= Task description =
What you need to produce from the material below is an exact transcription of the lines from the one with "case (set A)" through the one with "using seq that", both included, and no other line.

= Exercise inputs =
▶
text \<open>Every Q in the convex hull is a finite mixture of measures in \<open>Ps\<close>, so its integrals
  are the corresponding convex combinations; hence \<open>E\<^sub>Q f \<le> sub_exp Ps f\<close>, and in particular
  \<open>E\<^sub>Q Y\<close> and \<open>E\<^sub>Q Z\<close> lie in the mean intervals. Since \<open>Z - E\<^sub>Q Z\<close> has Q-mean zero,
  the Q-covariance \<open>c\<close> equals \<open>E\<^sub>Q[(Y - \<mu>\<^sub>1)(Z - E\<^sub>Q Z)] \<le> sub_exp Ps ((Y - \<mu>\<^sub>1)(Z - E\<^sub>Q Z))\<close>
  for every \<open>\<mu>\<^sub>1\<close>; choosing \<open>\<mu>\<^sub>2 = E\<^sub>Q Z\<close> in the max-min therefore gives
  \<open>c \<le> upper_cov\<close>, and symmetrically \<open>lower_cov \<le> c\<close>. The uniform second-moment bound
  makes every function involved integrable and keeps all suprema and infima finite.\<close>

lemma nn_integral_convex_combination:
  fixes M :: "'a measure" and p :: "nat \<Rightarrow> 'a measure"
  assumes sets_p: "\<And>i. i < k \<Longrightarrow> sets (p i) = sets M"
    and emeasure_M: "\<And>A. A \<in> sets M \<Longrightarrow> emeasure M A = (\<Sum>i<k. ennreal (w i) * emeasure (p i) A)"
    and f: "f \<in> borel_measurable M"
  shows "(\<integral>\<^sup>+x. f x \<partial>M) = (\<Sum>i<k. ennreal (w i) * (\<integral>\<^sup>+x. f x \<partial>p i))"
  using f
proof (induction rule: borel_measurable_induct)
  case (cong f g)
  have "space (p i) = space M" if "i < k" for i
    using sets_p[OF that] by (rule sets_eq_imp_space_eq)
  with cong show ?case
    by (simp cong: nn_integral_cong_simp)
next
  case (set A)
  then show ?case
    using emeasure_M sets_p by simp
next
  case (mult u c)
  have "u \<in> borel_measurable (p i)" if "i < k" for i
    using mult(2) measurable_cong_sets[OF sets_p[OF that] refl] by blast
  with mult show ?case
    by (simp add: nn_integral_cmult sum_distrib_left ac_simps)
next
  case (add u v)
  have "u \<in> borel_measurable (p i)" "v \<in> borel_measurable (p i)" if "i < k" for i
    using add measurable_cong_sets[OF sets_p[OF that] refl] by blast+
  with add show ?case
    by (simp add: nn_integral_add sum.distrib distrib_left)
next
  case (seq U)
  have "U n \<in> borel_measurable (p i)" if "i < k" for i n
    using seq measurable_cong_sets[OF sets_p[OF that] refl] by blast
  then have "(\<integral>\<^sup>+x. (SUP n. U n x) \<partial>p i) = (SUP n. \<integral>\<^sup>+x. U n x \<partial>p i)" if "i < k" for i
    using seq that by (intro nn_integral_monotone_convergence_SUP) auto
  moreover have "incseq (\<lambda>n. ennreal (w i) * (\<integral>\<^sup>+x. U n x \<partial>p i))" for i
    using seq by (intro monoI mult_left_mono nn_integral_mono) (auto simp: incseq_def le_fun_def)
  ultimately have "(\<Sum>i<k. ennreal (w i) * (\<integral>\<^sup>+x. (SUP n. U n x) \<partial>p i))
      = (SUP n. \<Sum>i<k. ennreal (w i) * (\<integral>\<^sup>+x. U n x \<partial>p i))"
    by (simp add: ennreal_SUP_sum SUP_mult_left_ennreal)
  moreover have "(\<integral>\<^sup>+x. (SUP n. U n x) \<partial>M) = (SUP n. \<integral>\<^sup>+x. U n x \<partial>M)"
    using seq by (intro nn_integral_monotone_convergence_SUP) auto
  ultimately show ?case
    unfolding SUP_apply using seq by simp
qed

lemma
  fixes M :: "'a measure" and p :: "nat \<Rightarrow> 'a measure" and f :: "'a \<Rightarrow> real"
  assumes sets_p: "\<And>i. i < k \<Longrightarrow> sets (p i) = sets M"
    and w_nonneg: "\<And>i. i < k \<Longrightarrow> 0 \<le> w i"
    and emeasure_M: "\<And>A. A \<in> sets M \<Longrightarrow> emeasure M A = (\<Sum>i<k. ennreal (w i) * emeasure (p i) A)"
    and f: "f \<in> borel_measurable M"
    and integrable_p: "\<And>i. i < k \<Longrightarrow> integrable (p i) f"
  shows integrable_convex_combination: "integrable M f"
    and integral_convex_combination: "integral\<^sup>L M f = (\<Sum>i<k. w i * integral\<^sup>L (p i) f)"
proof -
  have nn_finite: "(\<integral>\<^sup>+x. ennreal (g x) \<partial>M) < \<infinity>"
    and nn_real: "enn2real (\<integral>\<^sup>+x. ennreal (g x) \<partial>M) = (\<Sum>i<k. w i * enn2real (\<integral>\<^sup>+x. ennreal (g x) \<partial>p i))"
    if "g \<in> borel_measurable M" and "\<And>i. i < k \<Longrightarrow> integrable (p i) g" for g :: "'a \<Rightarrow> real"
  proof -
    have finite_terms: "ennreal (w i) * (\<integral>\<^sup>+x. ennreal (g x) \<partial>p i) < \<top>" if "i \<in> {..<k}" for i
      using that \<open>\<And>i. i < k \<Longrightarrow> integrable (p i) g\<close>
      by (simp add: real_integrable_def ennreal_mult_less_top less_top)
    have mixture: "(\<integral>\<^sup>+x. ennreal (g x) \<partial>M) = (\<Sum>i<k. ennreal (w i) * (\<integral>\<^sup>+x. ennreal (g x) \<partial>p i))"
      using that(1) by (intro nn_integral_convex_combination[OF sets_p emeasure_M]) auto
    show "(\<integral>\<^sup>+x. ennreal (g x) \<partial>M) < \<infinity>"
      unfolding mixture using finite_terms by simp
    show "enn2real (\<integral>\<^sup>+x. ennreal (g x) \<partial>M) = (\<Sum>i<k. w i * enn2real (\<integral>\<^sup>+x. ennreal (g x) \<partial>p i))"
      unfolding mixture by (subst enn2real_sum[OF finite_terms]) (auto simp: enn2real_mult w_nonneg)
  qed
  have minus_f: "(\<lambda>x. - f x) \<in> borel_measurable M" "\<And>i. i < k \<Longrightarrow> integrable (p i) (\<lambda>x. - f x)"
    using f integrable_p by auto
  show integrable: "integrable M f"
    using nn_finite[OF f integrable_p] nn_finite[OF minus_f] f by (simp add: real_integrable_def less_top)
  show "integral\<^sup>L M f = (\<Sum>i<k. w i * integral\<^sup>L (p i) f)"
    using nn_real[OF f integrable_p] nn_real[OF minus_f] integrable integrable_p
    by (simp add: real_lebesgue_integral_def sum_subtractf right_diff_distrib)
qed

lemma le_SUP_INF_of_le_at:
  fixes g :: "'b \<Rightarrow> 'c \<Rightarrow> real"
  assumes "A \<noteq> {}" and "v\<^sub>0 \<in> B" and "\<And>u. u \<in> A \<Longrightarrow> c \<le> g u v\<^sub>0"
    and bounded: "\<And>u v. u \<in> A \<Longrightarrow> v \<in> B \<Longrightarrow> \<bar>g u v\<bar> \<le> C"
  shows "c \<le> (SUP v\<in>B. INF u\<in>A. g u v)"
proof -
  obtain u\<^sub>0 where "u\<^sub>0 \<in> A" using \<open>A \<noteq> {}\<close> by blast
  have "bdd_below ((\<lambda>u. g u v) ` A)" if "v \<in> B" for v
    using bounded that by (intro bdd_belowI[of _ "- C"]) (force simp: abs_le_iff)
  then have "(INF u\<in>A. g u v) \<le> C" if "v \<in> B" for v
    using bounded[OF \<open>u\<^sub>0 \<in> A\<close> that] \<open>u\<^sub>0 \<in> A\<close> that by (meson abs_le_D1 cINF_lower order_trans)
  then have "bdd_above ((\<lambda>v. INF u\<in>A. g u v) ` B)"
    by (intro bdd_aboveI[of _ C]) blast
  moreover have "c \<le> (INF u\<in>A. g u v\<^sub>0)"
    using assms(1,3) by (rule cINF_greatest)
  ultimately show ?thesis
    using \<open>v\<^sub>0 \<in> B\<close> by (meson cSUP_upper order_trans)
qed

lemma INF_SUP_le_of_le_at:
  fixes h :: "'b \<Rightarrow> 'c \<Rightarrow> real"
  assumes "A \<noteq> {}" and "v\<^sub>0 \<in> B" and "\<And>u. u \<in> A \<Longrightarrow> h u v\<^sub>0 \<le> c"
    and bounded: "\<And>u v. u \<in> A \<Longrightarrow> v \<in> B \<Longrightarrow> \<bar>h u v\<bar> \<le> C"
  shows "(INF v\<in>B. SUP u\<in>A. h u v) \<le> c"
proof -
  have "- c \<le> (SUP v\<in>B. INF u\<in>A. - h u v)"
    using assms by (intro le_SUP_INF_of_le_at[where C = C]) auto
  moreover have "(SUP v\<in>B. INF u\<in>A. - h u v) = - (INF v\<in>B. SUP u\<in>A. h u v)"
    by (simp add: Inf_real_def image_image)
  ultimately show ?thesis by simp
qed

lemma abs_mult_diff_le:
  fixes y z u v V R :: real
  assumes "y\<^sup>2 \<le> V" "z\<^sup>2 \<le> V" "\<bar>u\<bar> \<le> R" "\<bar>v\<bar> \<le> R"
  shows "\<bar>(y - u) * (z - v)\<bar> \<le> (2 + 2 * R\<^sup>2) * (1 + V)"
proof -
  have "\<bar>(y - u) * (z - v)\<bar> \<le> ((y - u)\<^sup>2 + (z - v)\<^sup>2) / 2"
    using sum_squares_bound[of "\<bar>y - u\<bar>" "\<bar>z - v\<bar>"] by (simp add: abs_mult)
  also have "\<dots> \<le> y\<^sup>2 + u\<^sup>2 + z\<^sup>2 + v\<^sup>2"
    using zero_le_power2[of "y + u"] zero_le_power2[of "z + v"] by (simp add: power2_eq_square algebra_simps)
  also have "\<dots> \<le> 2 * V + 2 * R\<^sup>2"
    using assms abs_le_square_iff[of u R] abs_le_square_iff[of v R] by simp
  also have "\<dots> \<le> (2 + 2 * R\<^sup>2) * (1 + V)"
    using order_trans[OF zero_le_power2 assms(1)] by (simp add: algebra_simps)
  finally show ?thesis .
qed

lemma (in prob_space) integral_mult_centered_shift:
  fixes Y Z :: "'a \<Rightarrow> real"
  assumes "integrable M Z" and "integrable M (\<lambda>x. (Y x - c) * (Z x - expectation Z))"
  shows "expectation (\<lambda>x. (Y x - u) * (Z x - expectation Z)) = expectation (\<lambda>x. (Y x - c) * (Z x - expectation Z))"
proof -
  have "expectation (\<lambda>x. (Y x - u) * (Z x - expectation Z))
      = expectation (\<lambda>x. (Y x - c) * (Z x - expectation Z) + (c - u) * (Z x - expectation Z))"
    by (intro Bochner_Integration.integral_cong) (auto simp: algebra_simps)
  also have "\<dots> = expectation (\<lambda>x. (Y x - c) * (Z x - expectation Z)) + (c - u) * (expectation Z - expectation Z)"
    using assms by (simp add: prob_space)
  finally show ?thesis by simp
qed

lemma (in prob_space)
  fixes V f :: "'a \<Rightarrow> real"
  assumes "integrable M V" and "expectation V \<le> K" and "f \<in> borel_measurable M" and "0 \<le> C"
    and le: "\<And>x. x \<in> space M \<Longrightarrow> \<bar>f x\<bar> \<le> C * (1 + V x)"
  shows integrable_of_abs_le_affine: "integrable M f"
    and abs_integral_le_affine: "\<bar>expectation f\<bar> \<le> C * (1 + K)"
proof -
  have bound: "integrable M (\<lambda>x. C * (1 + V x))"
    using assms(1) by (intro integrable_mult_right Bochner_Integration.integrable_add) auto
  show f: "integrable M f"
    using bound assms(3) by (rule Bochner_Integration.integrable_bound) (use le in \<open>auto intro: order.trans[OF _ abs_ge_self]\<close>)
  have "\<bar>expectation f\<bar> \<le> expectation (\<lambda>x. \<bar>f x\<bar>)"
    by (rule integral_abs_bound)
  also have "\<dots> \<le> expectation (\<lambda>x. C * (1 + V x))"
    using f bound le by (intro integral_mono) auto
  also have "\<dots> = C * (1 + expectation V)"
    using assms(1) by (simp add: prob_space)
  also have "\<dots> \<le> C * (1 + K)"
    using assms(2,4) by (simp add: mult_left_mono)
  finally show "\<bar>expectation f\<bar> \<le> C * (1 + K)" .
qed

lemma
  fixes Ps :: "'a measure set" and V :: "'a \<Rightarrow> real"
  assumes "(SUP P\<in>Ps. \<integral>\<^sup>+x. ennreal (V x) \<partial>P) < \<infinity>" and "P \<in> Ps"
    and "V \<in> borel_measurable P" and "\<And>x. 0 \<le> V x"
  shows integrable_of_SUP_nn_integral_finite: "integrable P V"
    and integral_le_SUP_nn_integral: "integral\<^sup>L P V \<le> enn2real (SUP P\<in>Ps. \<integral>\<^sup>+x. ennreal (V x) \<partial>P)"
proof -
  have le_SUP: "(\<integral>\<^sup>+x. ennreal (V x) \<partial>P) \<le> (SUP P\<in>Ps. \<integral>\<^sup>+x. ennreal (V x) \<partial>P)"
    using \<open>P \<in> Ps\<close> by (rule SUP_upper)
  show "integrable P V"
    using assms le_SUP by (intro integrableI_nonneg) (auto intro: le_less_trans)
  have "integral\<^sup>L P V = enn2real (\<integral>\<^sup>+x. ennreal (V x) \<partial>P)"
    using assms by (intro integral_eq_nn_integral) auto
  also have "\<dots> \<le> enn2real (SUP P\<in>Ps. \<integral>\<^sup>+x. ennreal (V x) \<partial>P)"
    using assms(1) le_SUP by (intro enn2real_mono) auto
  finally show "integral\<^sup>L P V \<le> enn2real (SUP P\<in>Ps. \<integral>\<^sup>+x. ennreal (V x) \<partial>P)" .
qed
◀
= Answer section =
  case (set A)
  then show ?case
    using emeasure_M sets_p by simp
next
  case (mult u c)
  have "u \<in> borel_measurable (p i)" if "i < k" for i
    using mult(2) measurable_cong_sets[OF sets_p[OF that] refl] by blast
  with mult show ?case
    by (simp add: nn_integral_cmult sum_distrib_left ac_simps)
next
  case (add u v)
  have "u \<in> borel_measurable (p i)" "v \<in> borel_measurable (p i)" if "i < k" for i
    using add measurable_cong_sets[OF sets_p[OF that] refl] by blast+
  with add show ?case
    by (simp add: nn_integral_add sum.distrib distrib_left)
next
  case (seq U)
  have "U n \<in> borel_measurable (p i)" if "i < k" for i n
    using seq measurable_cong_sets[OF sets_p[OF that] refl] by blast
  then have "(\<integral>\<^sup>+x. (SUP n. U n x) \<partial>p i) = (SUP n. \<integral>\<^sup>+x. U n x \<partial>p i)" if "i < k" for i
    using seq that by (intro nn_integral_monotone_convergence_SUP) auto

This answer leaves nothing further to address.